Enfin, dans les situations où deux individus atteints d'ACL souhaitent concevoir un enfant – ce qui n'est pas rare étant donné que l'ACL est l'une des principales causes de cécité infantile et que près de 20 % des enfants scolarisés dans les écoles spécialisées pour malvoyants sont concernés –, le diagnostic moléculaire fournit des informations essentielles. Celui-ci permet de déterminer si les deux malades sont porteurs de mutations dans le même gène, ce qui impliquerait un risque de récurrence de 100 % pour leur descendance, ou si chacun est porteur de mutations dans des gènes différents, réduisant ce risque à zéro.

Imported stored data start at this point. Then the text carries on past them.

lemma convex_comb_measure_optimal:
  fixes K T :: "'a::euclidean_space set"
  assumes fin: "N_star K T < \<infinity>" and T: "T \<in> sets borel"
    and \<mu>: "\<mu> \<in> optimal_measures K T" and \<nu>: "\<nu> \<in> optimal_measures K T" and t: "0 \<le> t" "t \<le> 1"
  shows "convex_comb_measure t \<mu> \<nu> \<in> optimal_measures K T"
proof -
  define M where "M = convex_comb_measure t \<mu> \<nu>"
  have sets: "sets \<mu> = sets borel" "sets \<nu> = sets borel"
    using \<mu> \<nu> by (auto simp: optimal_measures_def regular_borel_measure_def)
  have emeasure_M: "emeasure M A = ennreal t * emeasure \<mu> A + ennreal (1 - t) * emeasure \<nu> A"
    if "A \<in> sets borel" for A
    unfolding M_def using sets that by (rule emeasure_convex_comb_measure)
  have "emeasure \<mu> UNIV = N_star K T" "emeasure \<nu> UNIV = N_star K T"
    using \<mu> \<nu> sets_eq_imp_space_eq[OF sets(1)] sets_eq_imp_space_eq[OF sets(2)]
    by (auto simp: optimal_measures_def)
  then have mass: "emeasure M (space M) = N_star K T"
    using emeasure_M[of UNIV] by (simp add: M_def ennreal_convex_comb_self t)
  have sets_M: "sets M = sets borel"
    by (simp add: M_def)
  have "covers M K T"
    unfolding covers_iff_emeasure[OF sets_M T]
  proof
    fix x assume "x \<in> K"
    moreover have "{y. x - y \<in> T} \<in> sets borel"
      using T by measurable
    ultimately have "1 \<le> emeasure \<mu> {y. x - y \<in> T}" "1 \<le> emeasure \<nu> {y. x - y \<in> T}"
      and M_eq: "emeasure M {y. x - y \<in> T} =
        ennreal t * emeasure \<mu> {y. x - y \<in> T} + ennreal (1 - t) * emeasure \<nu> {y. x - y \<in> T}"
      using \<mu> \<nu> sets T emeasure_M by (auto simp: optimal_measures_def covers_iff_emeasure)
    have "(1::ennreal) = ennreal t * 1 + ennreal (1 - t) * 1"
      by (simp only: ennreal_convex_comb_self t)
    also have "\<dots> \<le> emeasure M {y. x - y \<in> T}"
      unfolding M_eq using \<open>1 \<le> emeasure \<mu> _\<close> \<open>1 \<le> emeasure \<nu> _\<close>
      by (intro add_mono mult_left_mono) auto
    finally show "1 \<le> emeasure M {y. x - y \<in> T}" .
  qed
  moreover have "regular_borel_measure M"
    using mass fin by (intro regular_borel_measureI[OF sets_M]) auto
  ultimately show ?thesis
    using mass by (simp add: optimal_measures_def M_def)
qed

lemma normalised_near_optimal_covers:
  fixes K T :: "'a::euclidean_space set"
  assumes K: "compact K" "K \<noteq> {}" and T: "compact T" and N: "N_star K T = ennreal n"
  obtains P where "\<And>k. prob_space (P k)" "\<And>k. sets (P k) = sets borel"
    "\<And>k. AE y in P k. y \<in> {x - t | x t. x \<in> K \<and> t \<in> T}"
    "\<And>k x. x \<in> K \<Longrightarrow> 1 / (n + 1 / Suc k) \<le> measure (P k) {y. x - y \<in> T}"
proof -
  define L where "L = {x - t | x t. x \<in> K \<and> t \<in> T}"
  have [measurable]: "T \<in> sets borel"
    using T by (intro borel_closed compact_imp_closed)
  have "1 \<le> n"
    using one_le_N_star[OF \<open>K \<noteq> {}\<close>, of T] N by (simp add: ennreal_le_iff2)
  have "\<exists>\<mu>. regular_borel_measure \<mu> \<and> covers \<mu> K T \<and> emeasure \<mu> (space \<mu>) < ennreal (n + 1 / Suc k)"
    for k
  proof -
    have "N_star K T < ennreal (n + 1 / Suc k)"
      unfolding N using \<open>1 \<le> n\<close> by (subst ennreal_less_iff) auto
    then show ?thesis
      unfolding N_star_def INF_less_iff by auto
  qed
  then obtain \<mu> where reg: "\<And>k. regular_borel_measure (\<mu> k)" and cov: "\<And>k. covers (\<mu> k) K T"
    and mass: "\<And>k. emeasure (\<mu> k) (space (\<mu> k)) < ennreal (n + 1 / Suc k)"
    by metis
  have sets: "sets (\<mu> k) = sets borel" for k
    using reg by (simp add: regular_borel_measure_def)
  have "compact L"
    unfolding L_def using K(1) T by (rule compact_differences)
  then have [measurable]: "L \<in> sets borel"
    by (intro borel_closed compact_imp_closed)
  have subset_L: "{y. x - y \<in> T} \<subseteq> L" if "x \<in> K" for x
    using that unfolding L_def by force
  have cover_k: "1 \<le> emeasure (\<mu> k) {y. x - y \<in> T}" if "x \<in> K" for k x
    using cov[of k] that by (simp add: covers_iff_emeasure[OF sets])
  obtain x0 where "x0 \<in> K"
    using K(2) by blast
  have L_pos: "1 \<le> emeasure (\<mu> k) L" for k
    by (rule order_trans[OF cover_k[OF \<open>x0 \<in> K\<close>] emeasure_mono[OF subset_L[OF \<open>x0 \<in> K\<close>]]])
      (simp add: sets)
  have L_fin: "emeasure (\<mu> k) L < ennreal (n + 1 / Suc k)" for k
    using emeasure_space[of "\<mu> k" L] mass[of k] by (rule le_less_trans)
  then have L_finite: "emeasure (\<mu> k) L < \<top>" for k
    using ennreal_less_top less_trans by blast
  have measure_L: "1 \<le> measure (\<mu> k) L" "measure (\<mu> k) L \<le> n + 1 / Suc k" for k
    using enn2real_mono[OF L_pos L_finite] enn2real_leI[OF _ less_imp_le[OF L_fin]] \<open>1 \<le> n\<close>
    by (simp_all add: measure_def)
  have measure_cover: "1 \<le> measure (\<mu> k) {y. x - y \<in> T}" if "x \<in> K" for k x
  proof -
    have "emeasure (\<mu> k) {y. x - y \<in> T} \<le> emeasure (\<mu> k) L"
      using subset_L[OF that] sets by (intro emeasure_mono) auto
    then have "emeasure (\<mu> k) {y. x - y \<in> T} < \<top>"
      using L_finite by (rule le_less_trans)
    then show ?thesis
      using enn2real_mono[OF cover_k[OF that]] by (simp add: measure_def)
  qed
  show thesis
  proof (rule that[of "\<lambda>k. uniform_measure (\<mu> k) L"])
    fix k
    show "prob_space (uniform_measure (\<mu> k) L)"
      using L_pos[of k] L_fin[of k] by (intro prob_space_uniform_measure) auto
    show "sets (uniform_measure (\<mu> k) L) = sets borel"
      by (simp add: sets)
    show "AE y in uniform_measure (\<mu> k) L. y \<in> {x - t |x t. x \<in> K \<and> t \<in> T}"
      unfolding L_def[symmetric] by (rule AE_uniform_measureI) (simp_all add: sets)
    fix x assume "x \<in> K"
    have "1 / (n + 1 / Suc k) \<le> 1 / measure (\<mu> k) L"
      using measure_L[of k] by (intro divide_left_mono) auto
    also have "\<dots> \<le> measure (\<mu> k) {y. x - y \<in> T} / measure (\<mu> k) L"
      using measure_L[of k] measure_cover[OF \<open>x \<in> K\<close>] by (intro divide_right_mono) auto
    also have "\<dots> = measure (uniform_measure (\<mu> k) L) {y. x - y \<in> T}"
      using L_pos[of k] L_fin[of k] subset_L[OF \<open>x \<in> K\<close>] sets
      by (subst measure_uniform_measure) (auto simp: Int_absorb1)
    finally show "1 / (n + 1 / Suc k) \<le> measure (uniform_measure (\<mu> k) L) {y. x - y \<in> T}" .
  qed
qed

Lorsque le gène causal est identifié chez l'un des deux mais pas chez l'autre, la situation reste plus incertaine. Néanmoins, avec le séquençage du génome entier, tel que proposé dans le cadre du PFMG, la probabilité de passer à côté d'une mutation, notamment non codante, dans le même gène est désormais réduite, surtout si les présentations cliniques des deux malades sont très différentes.
Enfin, lorsque le gène causal n'est identifié chez aucun des deux, une prudence maximale est de mise, notamment si les individus sont originaires de la même région géographique, même si la présentation clinique de la maladie diffère.
Prise en charge et thérapie
La prise en charge actuelle de la majorité des patients atteints d'ACL ou de DRSP se concentre sur le traitement des complications potentielles, telles que les cataractes, les anomalies de l'interface vitréorétinienne, la maculopathie cystoïde et le kératocône.
Les patients bénéficient également de correction des erreurs de réfraction, de filtres thérapeutiques, d'aides à la basse vision et d'un accès optimal aux opportunités éducatives et professionnelles. Chez les nourrissons présentant une déficience visuelle sévère, des retards ou difficultés en langage, compétences sociales et comportement peuvent apparaître, soulignant l'importance d'une approche multidisciplinaire précoce et personnalisée. Des recommandations générales incluent un régime équilibré et riche en fruits et légumes, ainsi qu'une protection contre les UV.
Pour les thérapies, voir les chapitres spécifiques du présent rapport.